The invention relates to a lithium-sulphur battery cathode material and a preparation method thereof, and in particular relates to a sulphur, nickel oxide and nickel sulphide composite lithium-sulphurbattery cathode material. A preparation process is as follows: a nickel oxide double-layer hollow ball is prepared at first; then, the nickel oxide double-layer hollow ball is partly vulcanized, so that a nickel oxide and nickel sulphide composite is obtained; and then, the material is prepared by sulphur mixing through ball-milling and hot melt methods. The material designed in the invention hasa double-layer hollow ball structure; the relatively high specific capacity is obtained under high current density; the nickel oxide double-layer hollow ball is composed of a nickel oxide nano-sheet;an electron and charge transmission path is shortened; expansion of a material is relieved; furthermore, due to the good mechanical performance, the material has good cycle life; loss of an active substance in a reaction process is reduced in the application process of nickel oxide; a surface oxidation and reduction process is accelerated; and thus, the whole performance of a Li-S battery is improved.
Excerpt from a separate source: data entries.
(* Let $n\ge 2$, let $F_n$ be the free group on $x_1,\dots,x_n$, let $PW_n$ be the welded pure braid (McCool) group with generators $\xi_{i,j}$ ($1\le i\neq j\le n$), and let $F_n\rtimes PW_n$ be the semidirect product described in the context. For $1\le i\neq j\le n$ let $M_{i,j}$ be the $n\times n$ matrix over the group algebra $\mathbb{C}[F_n\rtimes PW_n]$ which equals the identity matrix except in its $i$-th row, whose $(i,i)$ entry is $x_j$, whose $(i,j)$ entry is $1-x_jx_ix_j^{-1}$, and whose other entries are $0$; and let $\mathcal{C}(\xi_{i,j})=\xi_{i,j}\cdot M_{i,j}$ be the matrix obtained by left-multiplying every entry of $M_{i,j}$ by $\xi_{i,j}$. Then the assignment $\xi_{i,j}\mapsto\mathcal{C}(\xi_{i,j})$ determines a faithful (injective) matrix representation $\Psi_n:PW_n\to GL(n,\mathbb{C}[F_n\rtimes PW_n])$.
   Context: The group $PW_n$ is given by generators $\xi_{i,j}$, $1\le i\neq j\le n$, subject to the McCool relations: $[\xi_{i,j},\xi_{s,t}]=1$ if $\{i,j\}\cap\{s,t\}=\emptyset$; $[\xi_{i,j},\xi_{k,j}]=1$ for $i,j,k$ distinct; $[\xi_{i,j}\xi_{k,j},\xi_{i,k}]=1$ for $i,j,k$ distinct, where $[a,b]=a^{-1}b^{-1}ab$. (Equivalently, $PW_n$ is the kernel of the map from the welded braid group $WB_n$ to the symmetric group sending $\sigma_i,\tau_i\mapsto\tau_i$.) For each generator, let $\varphi_{i,j}$ be the automorphism of $F_n$ with $\varphi_{i,j}(x_i)=x_jx_ix_j^{-1}$ and $\varphi_{i,j}(x_k)=x_k$ for $k\neq i$. The semidirect product $F_n\rtimes PW_n$ is the group generated by $F_n$ and $PW_n$, containing $F_n$ as a normal subgroup with $(F_n\rtimes PW_n)/F_n\cong PW_n$, in which $\xi_{i,j}^{-1}\,x_k\,\xi_{i,j}=\varphi_{i,j}(x_k)$ for all $k$ (this is the semidirect product coming from the faithful Artin embedding of $PW_n$ into $\mathrm{Aut}(F_n)$). Matrices are multiplied in the usual way over the noncommutative ring $\mathbb{C}[F_n\rtimes PW_n]$. *)

theory Defs
  imports Complex_Main "HOL-Algebra.Group"
begin

text \<open>A word over an alphabet: letters with exponent True (= +1) or False (= -1).\<close>
type_synonym 'a word = "('a \<times> bool) list"

definition inv_word :: "'a word \<Rightarrow> 'a word" where
  "inv_word w = rev (map (\<lambda>(a, b). (a, \<not> b)) w)"

definition comm_word :: "'a word \<Rightarrow> 'a word \<Rightarrow> 'a word" where
  "comm_word u v = inv_word u @ inv_word v @ u @ v"

inductive pres_rel :: "'a word set \<Rightarrow> 'a word \<Rightarrow> 'a word \<Rightarrow> bool" for R where
  pr_refl: "pres_rel R w w"
| pr_sym: "pres_rel R u v \<Longrightarrow> pres_rel R v u"
| pr_trans: "pres_rel R u v \<Longrightarrow> pres_rel R v w \<Longrightarrow> pres_rel R u w"
| pr_cancel: "pres_rel R (u @ [(a, b), (a, \<not> b)] @ v) (u @ v)"
| pr_relator: "r \<in> R \<Longrightarrow> pres_rel R (u @ r @ v) (u @ v)"

definition pres_class :: "'a word set \<Rightarrow> 'a word \<Rightarrow> 'a word set" where
  "pres_class R w = {v. pres_rel R w v}"

definition presented_group :: "'a set \<Rightarrow> 'a word set \<Rightarrow> 'a word set monoid" where
  "presented_group S R =
     \<lparr> carrier = {pres_class R w | w. set w \<subseteq> S \<times> UNIV},
       mult = (\<lambda>X Y. \<Union>u\<in>X. \<Union>v\<in>Y. pres_class R (u @ v)),
       one = pres_class R [] \<rparr>"

definition gen_class :: "'a word set \<Rightarrow> 'a \<Rightarrow> 'a word set" where
  "gen_class R a = pres_class R [(a, True)]"

text \<open>Generator xi_{i,j} is the letter (i,j), 1 <= i ~= j <= n.\<close>
definition pw_gens :: "nat \<Rightarrow> (nat \<times> nat) set" where
  "pw_gens n = {(i, j). i \<in> {1..n} \<and> j \<in> {1..n} \<and> i \<noteq> j}"

definition mccool_rels :: "nat \<Rightarrow> ('a \<Rightarrow> 'b) \<Rightarrow> (nat \<times> nat \<Rightarrow> 'a) \<Rightarrow> 'b word set" where
  "mccool_rels n emb g =
     (let l = (\<lambda>i j. (emb (g (i, j)), True)) in
      {comm_word [l i j] [l s t] | i j s t.
         (i, j) \<in> pw_gens n \<and> (s, t) \<in> pw_gens n \<and> {i, j} \<inter> {s, t} = {}}
    \<union> {comm_word [l i j] [l k j] | i j k.
         i \<in> {1..n} \<and> j \<in> {1..n} \<and> k \<in> {1..n} \<and> i \<noteq> j \<and> j \<noteq> k \<and> i \<noteq> k}
    \<union> {comm_word [l i j, l k j] [l i k] | i j k.
         i \<in> {1..n} \<and> j \<in> {1..n} \<and> k \<in> {1..n} \<and> i \<noteq> j \<and> j \<noteq> k \<and> i \<noteq> k})"

definition PW_rels :: "nat \<Rightarrow> (nat \<times> nat) word set" where
  "PW_rels n = mccool_rels n id id"

definition PW :: "nat \<Rightarrow> (nat \<times> nat) word set monoid" where
  "PW n = presented_group (pw_gens n) (PW_rels n)"

text \<open>Relations: the McCool relations
  among the xi's, and xi_{i,j}^-1 x_k xi_{i,j} = phi_{i,j}(x_k), i.e.
  xi^-1 x_k xi = x_k for k ~= i and xi^-1 x_i xi = x_j x_i x_j^-1.\<close>
datatype sgen = X nat | Xi nat nat

definition SD_gens :: "nat \<Rightarrow> sgen set" where
  "SD_gens n = {X k | k. k \<in> {1..n}} \<union> {Xi i j | i j. (i, j) \<in> pw_gens n}"

definition SD_rels :: "nat \<Rightarrow> sgen word set" where
  "SD_rels n = mccool_rels n id (\<lambda>(i, j). Xi i j)
    \<union> {[(Xi i j, False), (X k, True), (Xi i j, True), (X k, False)] | i j k.
         (i, j) \<in> pw_gens n \<and> k \<in> {1..n} \<and> k \<noteq> i}
    \<union> {[(Xi i j, False), (X i, True), (Xi i j, True), (X j, True), (X i, False), (X j, False)]
         | i j. (i, j) \<in> pw_gens n}"

definition SD :: "nat \<Rightarrow> sgen word set monoid" where
  "SD n = presented_group (SD_gens n) (SD_rels n)"

definition x_el :: "nat \<Rightarrow> nat \<Rightarrow> sgen word set" where
  "x_el n k = gen_class (SD_rels n) (X k)"

definition xi_el :: "nat \<Rightarrow> nat \<Rightarrow> nat \<Rightarrow> sgen word set" where
  "xi_el n i j = gen_class (SD_rels n) (Xi i j)"

text \<open>Elements of C[G]: finitely supported functions G \<Rightarrow> complex.\<close>
definition delta :: "'g \<Rightarrow> 'g \<Rightarrow> complex" where
  "delta g = (\<lambda>z. if z = g then 1 else 0)"

definition conv :: "('g, 'b) monoid_scheme \<Rightarrow> ('g \<Rightarrow> complex) \<Rightarrow> ('g \<Rightarrow> complex) \<Rightarrow> 'g \<Rightarrow> complex" where
  "conv G f g = (\<lambda>z. \<Sum>p\<in>{x. f x \<noteq> 0} \<times> {y. g y \<noteq> 0}.
                    if fst p \<otimes>\<^bsub>G\<^esub> snd p = z then f (fst p) * g (snd p) else 0)"

definition in_group_algebra :: "('g, 'b) monoid_scheme \<Rightarrow> ('g \<Rightarrow> complex) \<Rightarrow> bool" where
  "in_group_algebra G f \<longleftrightarrow> finite {x. f x \<noteq> 0} \<and> {x. f x \<noteq> 0} \<subseteq> carrier G"

text \<open>n x n matrices, indexed by 1..n, entries zero outside that range.\<close>
type_synonym 'g gmat = "nat \<Rightarrow> nat \<Rightarrow> 'g \<Rightarrow> complex"

definition is_mat :: "('g, 'b) monoid_scheme \<Rightarrow> nat \<Rightarrow> 'g gmat \<Rightarrow> bool" where
  "is_mat G n A \<longleftrightarrow> (\<forall>i j. (i \<notin> {1..n} \<or> j \<notin> {1..n}) \<longrightarrow> A i j = (\<lambda>_. 0))
                     \<and> (\<forall>i j. in_group_algebra G (A i j))"

definition mat_mult :: "('g, 'b) monoid_scheme \<Rightarrow> nat \<Rightarrow> 'g gmat \<Rightarrow> 'g gmat \<Rightarrow> 'g gmat" where
  "mat_mult G n A B = (\<lambda>i j. if i \<in> {1..n} \<and> j \<in> {1..n}
        then (\<lambda>z. \<Sum>k\<in>{1..n}. conv G (A i k) (B k j) z) else (\<lambda>_. 0))"

definition mat_one :: "('g, 'b) monoid_scheme \<Rightarrow> nat \<Rightarrow> 'g gmat" where
  "mat_one G n = (\<lambda>i j. if i \<in> {1..n} \<and> j \<in> {1..n} \<and> i = j
        then delta \<one>\<^bsub>G\<^esub> else (\<lambda>_. 0))"

definition GL :: "('g, 'b) monoid_scheme \<Rightarrow> nat \<Rightarrow> 'g gmat monoid" where
  "GL G n = \<lparr> carrier = {A. is_mat G n A \<and> (\<exists>B. is_mat G n B \<and>
                   mat_mult G n A B = mat_one G n \<and> mat_mult G n B A = mat_one G n)},
              mult = mat_mult G n,
              one = mat_one G n \<rparr>"

definition M_mat :: "nat \<Rightarrow> nat \<Rightarrow> nat \<Rightarrow> sgen word set gmat" where
  "M_mat n i j = (\<lambda>a b.
     if a \<in> {1..n} \<and> b \<in> {1..n} then
       (if a = i then
          (if b = i then delta (x_el n j)
           else if b = j then (\<lambda>z. delta \<one>\<^bsub>SD n\<^esub> z
                 - delta (x_el n j \<otimes>\<^bsub>SD n\<^esub> x_el n i \<otimes>\<^bsub>SD n\<^esub> inv\<^bsub>SD n\<^esub> x_el n j) z)
           else (\<lambda>_. 0))
        else (if a = b then delta \<one>\<^bsub>SD n\<^esub> else (\<lambda>_. 0)))
     else (\<lambda>_. 0))"

definition C_mat :: "nat \<Rightarrow> nat \<Rightarrow> nat \<Rightarrow> sgen word set gmat" where
  "C_mat n i j = (\<lambda>a b. conv (SD n) (delta (xi_el n i j)) (M_mat n i j a b))"

end

(* Killing the generators x_k gives a retraction rho of the semidirect product F_n x PW_n onto
   PW_n. Every entry of C(xi_ij) and of its inverse is supported on group elements that rho maps
   to xi_ij, resp. to its inverse, and matrix multiplication multiplies these degrees; so every
   entry of Psi(g) is supported on the fibre of rho over g. If Psi(g) is the identity matrix, its
   diagonal entry at the unit forces g = rho(1) = 1. That the matrices C(xi_ij) satisfy the McCool
   relations, so that Psi exists at all, is a direct computation with matrices that differ from
   scalar matrices in at most two rows. *)

theory Submission
  imports Defs "HOL-Algebra.Coset"
begin

context group
begin

lemma mult_inv_cancel [simp]: "x \<in> carrier G \<Longrightarrow> y \<in> carrier G \<Longrightarrow> x \<otimes> (inv x \<otimes> y) = y"
  by (simp add: m_assoc[symmetric])

lemma inv_mult_cancel [simp]: "x \<in> carrier G \<Longrightarrow> y \<in> carrier G \<Longrightarrow> inv x \<otimes> (x \<otimes> y) = y"
  by (simp add: m_assoc[symmetric])

lemma mult_eq_mult_if_relator:
  assumes "a \<in> carrier G" "b \<in> carrier G" "c \<in> carrier G"
    and "inv b \<otimes> (a \<otimes> (b \<otimes> inv c)) = \<one>"
  shows "a \<otimes> b = b \<otimes> c"
proof -
  have "a \<otimes> (b \<otimes> inv c) = b"
    using assms inv_solve_left'[of \<one> b "a \<otimes> (b \<otimes> inv c)"] by simp
  then show ?thesis
    using assms inv_solve_right'[of b "a \<otimes> b" c] by (simp add: m_assoc)
qed

lemma inv_mult_eq_mult_inv:
  assumes "a \<in> carrier G" "b \<in> carrier G" "c \<in> carrier G" and "a \<otimes> b = b \<otimes> c"
  shows "inv a \<otimes> b = b \<otimes> inv c"
proof -
  have "inv a \<otimes> b = inv a \<otimes> (b \<otimes> c) \<otimes> inv c"
    using assms(1-3) by (simp add: m_assoc)
  also have "\<dots> = b \<otimes> inv c"
    using assms(1-3) by (simp add: assms(4)[symmetric])
  finally show ?thesis .
qed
The invention relates to a method for reinforcing copper-nickel sulphide ore flotation separation in industrialized application. According to the method, reinforced mechanical stirring and pulp mixing is carried out on ore pulp before copper-nickel sulphide ore flotation, and the conditions of stirring and pulp mixing process parameters need to meet simultaneously that energy input is in a range from 0.5kW.h / m<3> to 2.5kW.h / m<3>, and the linear speed of the blade end of a stirring impeller is in a range from 7.5m / s to 10.0m / s. The ore pulp after the reinforced stirring and pulp mixing immediately enters the flotation operation, a conventional copper-nickel sulphide ore flotation flow is adopted in the flow of the flotation operation, concentrates are obtained through the flotation and used as final concentrates, and flotation tailings can be re-grinded and re-separated to obtain concentrates, and the tailings are discarded. The invention provides a method for reinforcing copper-nickel sulphide ore flotation separation. According to the method, the negative effects of magnesium silicate ores on the copper-nickel sulphide ore flotation can be weakened and even eliminated, so that copper-nickel sulphide ore resources are efficiently utilized.

The present invention relates to a gravity / flotation circuit where a mineral stream, such as a flotation rougher or cleaner concentrate, undergoes a two stage size separation wherein:i) the screen of the first stage provides a coarse stream of particles greater than 110 microns and a fines stream of particles less than 110 microns; andii) the fines stream of less than 110 microns is subjected to the second stage separation whereupon a cyclone provides an ultrafine / slimes stream of p80 less than about 25 microns and a middlings stream of p80 greater than around 25 microns.The middlings stream is subjected to flotation to recover nickel sulphide which is sent to final concentrate, and reject or depress magnesia which undergoes gravity separation to concentrate the MgO. It has been discovered that a large proportion of the MgO minerals in the concentrate are contained in the 30 to 100 micron size fraction and that they are well liberated making physical separation possible. Furthermore, the nickel sulphide minerals and magnesia minerals have a significantly different specific gravity which can be exploited using gravity separation equipment to achieve magnesia rejection.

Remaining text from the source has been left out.